(* Let $S,T\subseteq\mathbb{Z}_{>0}$ be finite with $T\preceq S$, and let $x\in T$ be such that $T\setminus\{x\}\preceq S$. Then $(T\triangleleft S)(i)\ge((T\setminus\{x\})\triangleleft S)(i)$ for all $i\in[|S|]$.
   Context: For a finite set $S\subseteq\mathbb{Z}_{>0}$, $S(i)$ denotes its $i$th smallest element. $T\preceq S$ means $|T|\ge|S|$ and $T(i)<S(i)$ for all $i\in[|S|]$. For finite $S,T$, $T\triangleleft S$ is computed by going through $S$ from largest to smallest; each $s$ picks the largest element of $T$ less than $s$ not yet picked (if one exists); $T\triangleleft S$ is the set of picked elements. *)

theory Defs
  imports Main
begin

definition kth :: "nat set \<Rightarrow> nat \<Rightarrow> nat" where
  "kth S i = sorted_list_of_set S ! (i - 1)"

definition preceq :: "nat set \<Rightarrow> nat set \<Rightarrow> bool" where
  "preceq T S \<longleftrightarrow> card T \<ge> card S \<and> (\<forall>i\<in>{1..card S}. kth T i < kth S i)"

fun pick :: "nat list \<Rightarrow> nat set \<Rightarrow> nat set" where
  "pick [] A = {}"
| "pick (s # ss) A =
     (if \<exists>t\<in>A. t < s
      then (let t = Max {t\<in>A. t < s} in insert t (pick ss (A - {t})))
      else pick ss A)"

definition tri :: "nat set \<Rightarrow> nat set \<Rightarrow> nat set" where
  "tri T S = pick (rev (sorted_list_of_set S)) T"

end

theory Submission
  imports Defs
begin

text \<open>Removing an element x from the pool of available elements changes the greedy
  picks in a controlled way: either the picked set just loses x, or x is replaced by a
  single smaller element that was not picked before. The dominance T \<preceq> S is a Hall
  condition (every s \<in> S has at least as many elements of T below it as there are
  elements of S up to s) under which greedy picking from the top serves every s, so
  both picked sets have |S| elements. This rules out losing x without replacement, and
  replacing an element by a smaller one can only lower each order statistic.\<close>

lemma kth_in:
  assumes "finite A" "1 \<le> i" "i \<le> card A"
  shows "kth A i \<in> A"
proof -
  have "i - 1 < length (sorted_list_of_set A)"
    using assms by simp
  then show ?thesis
    using assms(1) nth_mem set_sorted_list_of_set unfolding kth_def by metis
qed

lemma ex_kth_eq:
  assumes "finite A" "a \<in> A"
  obtains i where "1 \<le> i" "i \<le> card A" "kth A i = a"
proof -
  obtain k where "k < card A" "sorted_list_of_set A ! k = a"
    using assms by (metis in_set_conv_nth length_sorted_list_of_set set_sorted_list_of_set)
  then show ?thesis
    using that[of "Suc k"] by (simp add: kth_def)
qed

lemma card_less_kth:
  assumes "finite A" "1 \<le> i" "i \<le> card A"
  shows "card {a\<in>A. a < kth A i} = i - 1"
proof -
  define xs where "xs = sorted_list_of_set A"
  have xs: "sorted_wrt (<) xs" "set xs = A" "length xs = card A"
    using assms(1) by (simp_all add: xs_def)
  have "{a\<in>A. a < xs ! (i - 1)} = set (take (i - 1) xs)"
  proof (intro set_eqI iffI)
    fix a assume "a \<in> {a\<in>A. a < xs ! (i - 1)}"
    then obtain k where k: "k < length xs" "a = xs ! k" "xs ! k < xs ! (i - 1)"
      using xs(2) by (auto simp: in_set_conv_nth)
    have "k < i - 1"
    proof (rule ccontr)
      assume "\<not> k < i - 1"
      then have "xs ! (i - 1) \<le> xs ! k"
        using sorted_nth_mono[OF strict_sorted_imp_sorted[OF xs(1)]] \<open>k < length xs\<close> by simp
      then show False
        using \<open>xs ! k < xs ! (i - 1)\<close> by simp
    qed
    then show "a \<in> set (take (i - 1) xs)"
      using k by (auto simp: in_set_conv_nth)
  next
    fix a assume "a \<in> set (take (i - 1) xs)"
    then obtain k where "k < i - 1" "a = xs ! k"
      using assms by (auto simp: in_set_conv_nth xs(3))
    then show "a \<in> {a\<in>A. a < xs ! (i - 1)}"
      using xs assms(2,3) sorted_wrt_nth_less[OF xs(1)] by auto
  qed
  moreover have "distinct xs"
    using xs(1) strict_sorted_iff by blast
  ultimately show ?thesis
    using assms xs(3) by (simp add: kth_def xs_def[symmetric] distinct_card)
qed

lemma card_le_kth:
  assumes "finite A" "1 \<le> i" "i \<le> card A"
  shows "card {a\<in>A. a \<le> kth A i} = i"
proof -
  have "{a\<in>A. a \<le> kth A i} = insert (kth A i) {a\<in>A. a < kth A i}"
    using kth_in[OF assms] by auto
  then show ?thesis
    using card_less_kth[OF assms] assms by simp
qed

lemma kth_le_iff_card_le:
  assumes "finite A" "1 \<le> i" "i \<le> card A"
  shows "kth A i \<le> v \<longleftrightarrow> i \<le> card {a\<in>A. a \<le> v}"
proof
  assume "kth A i \<le> v"
  then have "{a\<in>A. a \<le> kth A i} \<subseteq> {a\<in>A. a \<le> v}"
    by auto
  then have "card {a\<in>A. a \<le> kth A i} \<le> card {a\<in>A. a \<le> v}"
    using assms(1) by (intro card_mono) auto
  then show "i \<le> card {a\<in>A. a \<le> v}"
    using card_le_kth[OF assms] by simp
next
  assume "i \<le> card {a\<in>A. a \<le> v}"
  show "kth A i \<le> v"
  proof (rule ccontr)
    assume "\<not> kth A i \<le> v"
    then have "{a\<in>A. a \<le> v} \<subseteq> {a\<in>A. a < kth A i}"
      by auto
    then have "card {a\<in>A. a \<le> v} \<le> card {a\<in>A. a < kth A i}"
      using assms(1) by (intro card_mono) auto
    then have "card {a\<in>A. a \<le> v} \<le> i - 1"
      using card_less_kth[OF assms] by simp
    then show False
      using \<open>i \<le> card {a\<in>A. a \<le> v}\<close> assms(2) by linarith
  qed
qed

lemma kth_image_le:
  assumes "finite A" "inj_on f A" "\<forall>a\<in>A. f a \<le> a" "1 \<le> i" "i \<le> card A"
  shows "kth (f ` A) i \<le> kth A i"
proof -
  have card_fA: "card (f ` A) = card A"
    using assms(2) by (rule card_image)
  have "i \<le> card {a\<in>A. a \<le> kth A i}"
    using card_le_kth[OF assms(1,4,5)] by simp
  also have "\<dots> = card (f ` {a\<in>A. a \<le> kth A i})"
    using assms(2) by (intro card_image[symmetric]) (auto intro: inj_on_subset)
  also have "\<dots> \<le> card {b\<in>f ` A. b \<le> kth A i}"
    using assms(1,3) by (intro card_mono) (auto intro: order_trans)
  finally show ?thesis
    using kth_le_iff_card_le[of "f ` A" i] assms card_fA by simp
qed

lemma pick_Cons_greatest:
  assumes "t \<in> A" "t < s" "\<forall>u\<in>A. u < s \<longrightarrow> u \<le> t"
  shows "pick (s # ss) A = insert t (pick ss (A - {t}))"
proof -
  have "finite {u\<in>A. u < s}"
    by (rule finite_subset[of _ "{..<s}"]) auto
  then have "Max {u\<in>A. u < s} = t"
    using assms by (intro Max_eqI) auto
  then show ?thesis
    using assms by (auto simp: Let_def)
qed

lemma pick_Cons_cases:
  obtains "\<forall>u\<in>A. \<not> u < s" "pick (s # ss) A = pick ss A"
  | t where "t \<in> A" "t < s" "\<forall>u\<in>A. u < s \<longrightarrow> u \<le> t"
      "pick (s # ss) A = insert t (pick ss (A - {t}))"
proof (cases "\<exists>u\<in>A. u < s")
  case True
  define t where "t = Max {u\<in>A. u < s}"
  have fin: "finite {u\<in>A. u < s}"
    by (rule finite_subset[of _ "{..<s}"]) auto
  have "t \<in> {u\<in>A. u < s}"
    unfolding t_def using fin True by (intro Max_in) auto
  moreover have "\<forall>u\<in>A. u < s \<longrightarrow> u \<le> t"
    using Max_ge[OF fin] by (auto simp: t_def)
  ultimately show ?thesis
    using that(2) pick_Cons_greatest by blast
qed (use that(1) in auto)

lemma pick_subset: "pick ss A \<subseteq> A"
proof (induction ss arbitrary: A)
  case (Cons s ss)
  show ?case
    by (cases rule: pick_Cons_cases[of A s ss]) (use Cons.IH in auto)+
qed simp

lemma finite_pick: "finite (pick ss A)"
  by (induction ss arbitrary: A) (simp_all add: Let_def)

definition hall_below :: "nat list \<Rightarrow> nat set \<Rightarrow> bool" where
  "hall_below ss A \<longleftrightarrow> (\<forall>s\<in>set ss. card {u\<in>set ss. u \<le> s} \<le> card {a\<in>A. a < s})"

lemma hall_below_Cons_nonempty:
  assumes "hall_below (s # ss) A"
  shows "\<exists>t\<in>A. t < s"
proof -
  have "0 < card {u\<in>set (s # ss). u \<le> s}"
    by (auto simp: card_gt_0_iff)
  also have "\<dots> \<le> card {a\<in>A. a < s}"
    using assms by (simp add: hall_below_def)
  finally have "{a\<in>A. a < s} \<noteq> {}"
    by (intro notI) simp
  then show ?thesis
    by blast
qed

lemma hall_below_Cons_greatest:
  assumes "sorted_wrt (>) (s # ss)" "hall_below (s # ss) A"
    and "t \<in> A" "t < s" "\<forall>u\<in>A. u < s \<longrightarrow> u \<le> t"
  shows "hall_below ss (A - {t})"
  unfolding hall_below_def
proof
  fix s' assume "s' \<in> set ss"
  then have "s' < s"
    using assms(1) by simp
  show "card {u\<in>set ss. u \<le> s'} \<le> card {a\<in>A - {t}. a < s'}"
  proof (cases "t < s'")
    case True
    have "card {u\<in>set ss. u \<le> s'} < card {u\<in>set (s # ss). u \<le> s}"
      using \<open>s' < s\<close> assms(1) by (intro psubset_card_mono) auto
    also have "\<dots> \<le> card {a\<in>A. a < s}"
      using assms(2) by (simp add: hall_below_def)
    also have "{a\<in>A. a < s} = insert t {a\<in>A - {t}. a < s'}"
      using assms(3-5) True \<open>s' < s\<close> by fastforce
    finally show ?thesis
      by simp
  next
    case False
    then have "{a\<in>A - {t}. a < s'} = {a\<in>A. a < s'}"
      by auto
    moreover have "{u\<in>set (s # ss). u \<le> s'} = {u\<in>set ss. u \<le> s'}"
      using \<open>s' < s\<close> by auto
    ultimately show ?thesis
      using assms(2) \<open>s' \<in> set ss\<close> unfolding hall_below_def by (metis list.set_intros(2))
  qed
qed

lemma card_pick:
  assumes "sorted_wrt (>) ss" "hall_below ss A"
  shows "card (pick ss A) = length ss"
  using assms
proof (induction ss arbitrary: A)
  case (Cons s ss)
  obtain t where t: "t \<in> A" "t < s" "\<forall>u\<in>A. u < s \<longrightarrow> u \<le> t"
      and pick_A: "pick (s # ss) A = insert t (pick ss (A - {t}))"
    using hall_below_Cons_nonempty[OF Cons.prems(2)] by (cases rule: pick_Cons_cases[of A s ss]) auto
  have "hall_below ss (A - {t})"
    using hall_below_Cons_greatest[OF Cons.prems t] .
  then have "card (pick ss (A - {t})) = length ss"
    using Cons.IH Cons.prems(1) by simp
  moreover have "t \<notin> pick ss (A - {t})"
    using pick_subset by blast
  ultimately show ?case
    using pick_A finite_pick by simp
qed simp

lemma card_tri:
  assumes "finite S" "finite T" "preceq T S"
  shows "card (tri T S) = card S"
proof -
  have "card {u\<in>S. u \<le> s} \<le> card {a\<in>T. a < s}" if s: "s \<in> S" for s
  proof -
    obtain j where j: "1 \<le> j" "j \<le> card S" "kth S j = s"
      using ex_kth_eq[OF assms(1) s] by blast
    have "j \<le> card T" "kth T j < kth S j"
      using assms(3) j unfolding preceq_def by auto
    have "card {u\<in>S. u \<le> s} = card {a\<in>T. a \<le> kth T j}"
      using card_le_kth[OF assms(1) j(1,2)] card_le_kth[OF assms(2) j(1) \<open>j \<le> card T\<close>] j(3)
      by simp
    also have "\<dots> \<le> card {a\<in>T. a < s}"
      using \<open>kth T j < kth S j\<close> j(3) assms(2) by (intro card_mono) auto
    finally show ?thesis .
  qed
  then show ?thesis
    using card_pick[of "rev (sorted_list_of_set S)" T] assms(1)
    by (simp add: tri_def hall_below_def sorted_wrt_rev)
qed

definition removed_or_lowered :: "nat \<Rightarrow> nat set \<Rightarrow> nat set \<Rightarrow> bool" where
  "removed_or_lowered x P Q \<longleftrightarrow>
     Q = P - {x} \<or> (\<exists>y<x. y \<notin> P \<and> x \<in> P \<and> Q = insert y (P - {x}))"

lemma removed_or_lowered_insert:
  assumes "removed_or_lowered x P Q" "t \<noteq> x" "t \<notin> Q"
  shows "removed_or_lowered x (insert t P) (insert t Q)"
  using assms unfolding removed_or_lowered_def by (elim disjE exE conjE) auto

lemma removed_or_lowered_shift:
  assumes "removed_or_lowered t P Q" "t < x" "x \<notin> P"
  shows "removed_or_lowered x (insert x P) (insert t Q)"
proof -
  consider "Q = P - {t}" | y where "y < t" "y \<notin> P" "t \<in> P" "Q = insert y (P - {t})"
    using assms(1) unfolding removed_or_lowered_def by blast
  then show ?thesis
  proof cases
    case 1
    then show ?thesis
      using assms(2,3) by (cases "t \<in> P") (auto simp: removed_or_lowered_def intro!: exI[of _ t])
  next
    case (2 y)
    then show ?thesis
      using assms(2,3) by (auto simp: removed_or_lowered_def intro!: exI[of _ y])
  qed
qed

lemma kth_le_if_removed_or_lowered:
  assumes "removed_or_lowered x P Q" "finite P" "card Q = card P" "1 \<le> i" "i \<le> card P"
  shows "kth Q i \<le> kth P i"
proof -
  consider "Q = P - {x}" | y where "y < x" "y \<notin> P" "x \<in> P" "Q = insert y (P - {x})"
    using assms(1) unfolding removed_or_lowered_def by blast
  then show ?thesis
  proof cases
    case 1
    then have "Q = P"
      using assms(2,3) card_Diff1_less[OF assms(2), of x] by (cases "x \<in> P") auto
    then show ?thesis
      by simp
  next
    case (2 y)
    define f where "f a = (if a = x then y else a)" for a
    have "Q = f ` P" "inj_on f P" "\<forall>a\<in>P. f a \<le> a"
      using 2 by (auto simp: f_def inj_on_def)
    then show ?thesis
      using kth_image_le[OF assms(2)] assms(4,5) by simp
  qed
qed

lemma pick_Diff_singleton:
  assumes "x \<in> A"
  shows "removed_or_lowered x (pick ss A) (pick ss (A - {x}))"
  using assms
proof (induction ss arbitrary: A x)
  case Nil
  then show ?case
    by (simp add: removed_or_lowered_def)
next
  case (Cons s ss)
  show ?case
  proof (cases rule: pick_Cons_cases[of A s ss])
    case 1
    then show ?thesis
      using Cons.IH[OF Cons.prems] by simp
  next
    case (2 t)
    show ?thesis
    proof (cases "t = x")
      case False
      then have "pick (s # ss) (A - {x}) = insert t (pick ss (A - {t} - {x}))"
        using 2 pick_Cons_greatest[of t "A - {x}"] by (simp add: Diff_insert2[symmetric] insert_commute)
      moreover have "t \<notin> pick ss (A - {t} - {x})"
        using pick_subset by blast
      ultimately show ?thesis
        using Cons.IH[of x "A - {t}"] Cons.prems 2(4) False removed_or_lowered_insert by auto
    next
      case True
      define B where "B = A - {x}"
      have pick_A: "pick (s # ss) A = insert x (pick ss B)" and "x \<notin> pick ss B"
        using 2 True pick_subset[of ss B] by (auto simp: B_def)
      show ?thesis
      proof (cases rule: pick_Cons_cases[of B s ss])
        case 1
        then show ?thesis
          using pick_A \<open>x \<notin> pick ss B\<close> by (simp add: B_def removed_or_lowered_def)
      next
        case (2 t')
        have "t' < x"
          using 2 True \<open>\<forall>u\<in>A. u < s \<longrightarrow> u \<le> t\<close> by (force simp: B_def)
        then show ?thesis
          using Cons.IH[of t' B] 2 pick_A \<open>x \<notin> pick ss B\<close> removed_or_lowered_shift
          by (simp add: B_def)
      qed
    qed
  qed
qed

theorem lemma4p11:
  fixes S T :: "nat set" and x :: nat
  assumes "finite S" and "finite T"
    and "\<forall>s\<in>S. 0 < s" and "\<forall>t\<in>T. 0 < t"
    and "preceq T S"
    and "x \<in> T"
    and "preceq (T - {x}) S"
  shows "\<forall>i\<in>{1..card S}. kth (tri T S) i \<ge> kth (tri (T - {x}) S) i"
proof -
  have "card (tri T S) = card S" "card (tri (T - {x}) S) = card S"
    using card_tri assms by simp_all
  moreover have "removed_or_lowered x (tri T S) (tri (T - {x}) S)"
    unfolding tri_def using pick_Diff_singleton[OF \<open>x \<in> T\<close>] .
  ultimately show ?thesis
    using kth_le_if_removed_or_lowered[of x "tri T S"] finite_pick by (auto simp: tri_def)
qed

end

Problem to work on ->
In the material above, how many lines contain the string "blast"? Respond with that number by itself.

Answer to this exercise ->
8